*Instructions for the task*
Leave out every line before the one that contains "theory Defs". Please restate that line and the rest of the data word for word, through the end.

== Segment start ==

(* Assume $c_i=c>0$, $\gamma_i=\gamma>0$, $\nu_i=\nu>0$, $\rho_i=\rho\in(-1,1)$ for all $i$, and let $z^\star_{s,n},z^\star_{d,n},z^\star_{o,n}$ (the last for $n\ge2$) be the common values of the maximiser of $f$ as defined in the context, viewed as functions of $\gamma_{\rm P}\in(0,\infty)$. Then: (i) $\mathrm{sgn}(z^\star_{s,n})=-\mathrm{sgn}(\rho)$; (ii) for $n\ge2$, $z^\star_{o,n}>0$ for every $\gamma_{\rm P}>0$; and $z^\star_{d,n}>0$ for all $n\ge1$; (iii) $|z^\star_{s,n}|$ is non-increasing in $\gamma_{\rm P}$ (strictly decreasing if $\rho\ne0$) and $z^\star_{s,n}\to0$ as $\gamma_{\rm P}\to\infty$; (iv) for $n\ge2$, $\lim_{\gamma_{\rm P}\to\infty}z^\star_{o,n}=\frac{\gamma}{(n-1)A+\gamma}\in(0,1)$; (v) for all $n\ge1$, $\lim_{\gamma_{\rm P}\to\infty}z^\star_{d,n}=\frac{(n-1)A-(n-2)\gamma}{(n-1)A+\gamma}\in(0,1]$, where $A=\gamma+\frac{1}{c\nu^2}$.
   Context: Fix an integer $n\ge1$ and parameters $\sigma>0$, $\gamma_{\rm P}>0$, and for each $i\in\{1,\dots,n\}$: $c_i>0$, $\gamma_i>0$, $\nu_i>0$, $\rho_i\in(-1,1)$. Write $\nu=(\nu_1,\dots,\nu_n)^\top$, $\rho=(\rho_1,\dots,\rho_n)^\top$. The variables are a matrix $z^Q=(z^{Q,i,j})_{i,j}\in\mathbb{R}^{n\times n}$ ($i$ row, $j$ column) and a vector $z^S=(z^{S,1},\dots,z^{S,n})^\top\in\mathbb{R}^n$. Define $f:\mathbb{R}^{n\times n}\times\mathbb{R}^n\to\mathbb{R}$ by $$f(z^Q,z^S)=-\frac1n\sum_{i=1}^n\Big(\frac{(z^{Q,i,i})^2}{2c_i}+\frac{\gamma_i}{2}\sum_{j=1}^n\nu_j^2(z^{Q,i,j})^2+\frac{\gamma_i\sigma^2}{2}(z^{S,i})^2+\frac{\gamma_i\sigma}{\sqrt n}z^{S,i}\sum_{j=1}^n\rho_j\nu_jz^{Q,i,j}-\frac{z^{Q,i,i}}{c_i}\Big)-\frac{\gamma_{\rm P}}{2n^2}\sum_{i=1}^n\Big(\Big(\nu_i-\nu_i\sum_{j=1}^nz^{Q,j,i}-\frac{\rho_i\sigma}{\sqrt n}\sum_{j=1}^nz^{S,j}\Big)^2+\frac{(1-\rho_i^2)\sigma^2}{n}\Big(\sum_{j=1}^nz^{S,j}\Big)^2\Big).$$ $f$ has a unique global maximiser $(z^{Q,\star},z^{S,\star})$. In the homogeneous case this maximiser is symmetric: $z^{S,i,\star}=z^\star_{s,n}$, $z^{Q,i,i,\star}=z^\star_{d,n}$ for all $i$, and $z^{Q,i,j,\star}=z^\star_{o,n}$ for all $i\ne j$ (when $n\ge2$). *)

theory Defs
  imports "HOL-Analysis.Analysis"
begin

== Segment end ==

*Written response*
theory Defs
  imports "HOL-Analysis.Analysis"
begin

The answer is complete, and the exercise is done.